-------- DATA

text \<open>The comparison le is a parameter so that the rearrangement inequality (le = \<le>) and its
  dual (le = \<ge>) are both instances; exchange is the inequality for two terms.\<close>
locale pairwise_rearrangement = uninorm_identity U e
  for U :: "real \<Rightarrow> real \<Rightarrow> real" and e :: real +
  fixes le :: "real \<Rightarrow> real \<Rightarrow> bool" and \<phi> :: "real \<Rightarrow> real \<Rightarrow> real"
  assumes le_refl: "reflp le" and le_trans: "transp le"
    and le_mono: "a \<in> {0..1} \<Longrightarrow> b \<in> {0..1} \<Longrightarrow> c \<in> {0..1} \<Longrightarrow> le a b \<Longrightarrow> le (U a c) (U b c)"
    and \<phi>_in: "a \<in> {0..1} \<Longrightarrow> b \<in> {0..1} \<Longrightarrow> \<phi> a b \<in> {0..1}"
    and exchange: "p \<in> {0..1} \<Longrightarrow> q \<in> {0..1} \<Longrightarrow> y \<in> {0..1} \<Longrightarrow> y' \<in> {0..1} \<Longrightarrow>
      p \<le> q \<Longrightarrow> y \<le> y' \<Longrightarrow> le (U (\<phi> q y) (\<phi> p y')) (U (\<phi> p y) (\<phi> q y'))"
begin

lemma \<phi>_sorted_in:
  "sorted_unit x n \<Longrightarrow> sorted_unit y n \<Longrightarrow> a \<in> {1..n} \<Longrightarrow> b \<in> {1..n} \<Longrightarrow> \<phi> (x a) (y b) \<in> {0..1}"
  by (intro \<phi>_in sorted_unit_in)

lemma big_U_exchange:
  assumes ij: "i \<in> {1..n}" "j \<in> {1..n}" "i \<noteq> j"
    and same: "\<And>k. k \<in> {1..n} \<Longrightarrow> k \<noteq> i \<Longrightarrow> k \<noteq> j \<Longrightarrow> h' k = h k"
    and h: "h i \<in> {0..1}" "h j \<in> {0..1}" and h': "h' i \<in> {0..1}" "h' j \<in> {0..1}"
    and pair: "le (U (h i) (h j)) (U (h' i) (h' j))"
  shows "le (big_U h n) (big_U h' n)"
proof -
  let ?R = "\<lambda>h. fold_mset U_ext e (image_mset h (mset_set ({1..n} - {i, j})))"
  have "?R h' = ?R h"
    using same by (intro arg_cong[where f = "fold_mset U_ext e"] image_mset_cong) auto
  moreover have "le (U (U (h i) (h j)) (?R h)) (U (U (h' i) (h' j)) (?R h))"
    using h h' pair by (intro le_mono uninorm_closed[OF uninorm] fold_U_ext_in[OF identity_in])
  ultimately show ?thesis
    using big_U_split_pair[OF ij h] big_U_split_pair[OF ij h'] by simp
qed

lemma big_U_le_sorted:
  assumes x: "sorted_unit x n" and y: "sorted_unit y n" and "\<sigma> permutes {1..n}"
  shows "le (big_U (\<lambda>k. \<phi> (x (\<sigma> k)) (y k)) n) (big_U (\<lambda>k. \<phi> (x k) (y k)) n)"
  using \<open>\<sigma> permutes {1..n}\<close>
proof (induction "card {k. \<sigma> k \<noteq> k}" arbitrary: \<sigma> rule: less_induct)
  case less
  show ?case
  proof (cases "\<sigma> = id")
    case True
    then show ?thesis using le_refl by (simp add: reflpD)
  next
    case False
    then obtain i j where ij: "i \<in> {1..n}" "j \<in> {1..n}" "i < j" "\<sigma> i = j" "\<sigma> j < j"
      and fewer: "card {k. (\<sigma> \<circ> Transposition.transpose i j) k \<noteq> k} < card {k. \<sigma> k \<noteq> k}"
      using permutes_transpose_step[OF less.prems] by blast
    let ?\<tau> = "\<sigma> \<circ> Transposition.transpose i j"
    have "?\<tau> permutes {1..n}"
      using permutes_compose[OF permutes_swap_id[OF ij(1,2)] less.prems] .
    then have to_sorted: "le (big_U (\<lambda>k. \<phi> (x (?\<tau> k)) (y k)) n) (big_U (\<lambda>k. \<phi> (x k) (y k)) n)"
      by (rule less.hyps[OF fewer])
    have "\<sigma> j \<in> {1..n}"
      using ij(2) permutes_in_image[OF less.prems] by blast
    have \<tau>: "?\<tau> i = \<sigma> j" "?\<tau> j = j"
      using ij(4) by auto
    have "le (big_U (\<lambda>k. \<phi> (x (\<sigma> k)) (y k)) n) (big_U (\<lambda>k. \<phi> (x (?\<tau> k)) (y k)) n)"
    proof (rule big_U_exchange[OF ij(1,2)])
      show "le (U (\<phi> (x (\<sigma> i)) (y i)) (\<phi> (x (\<sigma> j)) (y j)))
          (U (\<phi> (x (?\<tau> i)) (y i)) (\<phi> (x (?\<tau> j)) (y j)))"
        unfolding \<tau> ij(4) using ij \<open>\<sigma> j \<in> {1..n}\<close>
        by (intro exchange sorted_unit_in[OF x] sorted_unit_in[OF y]
            sorted_unit_mono[OF x] sorted_unit_mono[OF y]) auto
      show "\<phi> (x (\<sigma> i)) (y i) \<in> {0..1}" "\<phi> (x (\<sigma> j)) (y j) \<in> {0..1}"
        "\<phi> (x (?\<tau> i)) (y i) \<in> {0..1}" "\<phi> (x (?\<tau> j)) (y j) \<in> {0..1}"
        unfolding \<tau> ij(4) using ij(1,2) \<open>\<sigma> j \<in> {1..n}\<close> by (blast intro: \<phi>_sorted_in[OF x y])+
    qed (use ij in auto)
    with to_sorted show ?thesis
      using le_trans by (blast dest: transpD)
  qed
qed

text \<open>The lower bound is the upper bound for the sorted data 1 - x (n + 1 - k) and the
  reversed order.\<close>
lemma big_U_reversed_le:
  assumes x: "sorted_unit x n" and y: "sorted_unit y n" and \<sigma>: "\<sigma> permutes {1..n}"
  shows "le (big_U (\<lambda>k. \<phi> (x (n + 1 - k)) (y k)) n) (big_U (\<lambda>k. \<phi> (x (\<sigma> k)) (y k)) n)"
proof -
  interpret reflected: pairwise_rearrangement U e "\<lambda>a b. le b a" "\<lambda>a y. \<phi> (1 - a) y"
  proof
    show "reflp (\<lambda>a b. le b a)" "transp (\<lambda>a b. le b a)"
      using le_refl le_trans by (auto simp: reflp_def transp_def)
    show "\<phi> (1 - a) b \<in> {0..1}" if "a \<in> {0..1}" "b \<in> {0..1}" for a b
      using that by (intro \<phi>_in) auto
  qed (auto intro: le_mono exchange)
  define r where "r k = (if k \<in> {1..n} then n + 1 - k else k)" for k
  have "(r \<circ> \<sigma>) permutes {1..n}"
    unfolding r_def using permutes_compose[OF \<sigma> permutes_reverse] .
  from reflected.big_U_le_sorted[OF sorted_unit_reflect[OF x] y this]
  have "le (big_U (\<lambda>k. \<phi> (1 - (1 - x (n + 1 - k))) (y k)) n)
      (big_U (\<lambda>k. \<phi> (1 - (1 - x (n + 1 - (r \<circ> \<sigma>) k))) (y k)) n)" .
  moreover have "big_U (\<lambda>k. \<phi> (1 - (1 - x (n + 1 - (r \<circ> \<sigma>) k))) (y k)) n
      = big_U (\<lambda>k. \<phi> (x (\<sigma> k)) (y k)) n"
  proof (rule big_U_cong)
    fix k assume "k \<in> {1..n}"
    then have "\<sigma> k \<in> {1..n}"
      using permutes_in_image[OF \<sigma>] by blast
    then show "\<phi> (1 - (1 - x (n + 1 - (r \<circ> \<sigma>) k))) (y k) = \<phi> (x (\<sigma> k)) (y k)"
      by (simp add: r_def)
  qed
  ultimately show ?thesis
    by simp
qed

lemma iter_op_rearrangement:
  assumes "n \<ge> 1" and x: "sorted_unit x n" and y: "sorted_unit y n" and \<sigma>: "\<sigma> permutes {1..n}"
  shows "le (iter_op U (\<lambda>k. \<phi> (x (n + 1 - k)) (y k)) n) (iter_op U (\<lambda>k. \<phi> (x (\<sigma> k)) (y k)) n)"
    and "le (iter_op U (\<lambda>k. \<phi> (x (\<sigma> k)) (y k)) n) (iter_op U (\<lambda>k. \<phi> (x k) (y k)) n)"
proof -
  have eq: "iter_op U (\<lambda>k. \<phi> (x (\<rho> k)) (y k)) n = big_U (\<lambda>k. \<phi> (x (\<rho> k)) (y k)) n"
    if "\<And>k. k \<in> {1..n} \<Longrightarrow> \<rho> k \<in> {1..n}" for \<rho>
  proof (rule iter_op_eq_big_U[OF \<open>n \<ge> 1\<close>])
    fix k assume "k \<in> {1..n}"
    then show "\<phi> (x (\<rho> k)) (y k) \<in> {0..1}"
      using that by (intro \<phi>_sorted_in[OF x y])
  qed
  have rev: "iter_op U (\<lambda>k. \<phi> (x (n + 1 - k)) (y k)) n = big_U (\<lambda>k. \<phi> (x (n + 1 - k)) (y k)) n"
    by (rule eq) auto
  have perm: "iter_op U (\<lambda>k. \<phi> (x (\<sigma> k)) (y k)) n = big_U (\<lambda>k. \<phi> (x (\<sigma> k)) (y k)) n"
    by (rule eq) (use permutes_in_image[OF \<sigma>] in blast)
  have sorted: "iter_op U (\<lambda>k. \<phi> (x k) (y k)) n = big_U (\<lambda>k. \<phi> (x k) (y k)) n"
    using eq[of id] by simp
  show "le (iter_op U (\<lambda>k. \<phi> (x (n + 1 - k)) (y k)) n) (iter_op U (\<lambda>k. \<phi> (x (\<sigma> k)) (y k)) n)"
    unfolding rev perm by (rule big_U_reversed_le[OF x y \<sigma>])
  show "le (iter_op U (\<lambda>k. \<phi> (x (\<sigma> k)) (y k)) n) (iter_op U (\<lambda>k. \<phi> (x k) (y k)) n)"
    unfolding perm sorted by (rule big_U_le_sorted[OF x y \<sigma>])
qed

end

----------------

- _INSTRUCTIONS TO FOLLOW_: Keep only those lines of the records that hold "circ", and return them.

- _ANSWER TO THIS PROBLEM_:
      and fewer: "card {k. (\<sigma> \<circ> Transposition.transpose i j) k \<noteq> k} < card {k. \<sigma> k \<noteq> k}"
    let ?\<tau> = "\<sigma> \<circ> Transposition.transpose i j"
  have "(r \<circ> \<sigma>) permutes {1..n}"
      (big_U (\<lambda>k. \<phi> (1 - (1 - x (n + 1 - (r \<circ> \<sigma>) k))) (y k)) n)" .
  moreover have "big_U (\<lambda>k. \<phi> (1 - (1 - x (n + 1 - (r \<circ> \<sigma>) k))) (y k)) n
    then show "\<phi> (1 - (1 - x (n + 1 - (r \<circ> \<sigma>) k))) (y k) = \<phi> (x (\<sigma> k)) (y k)"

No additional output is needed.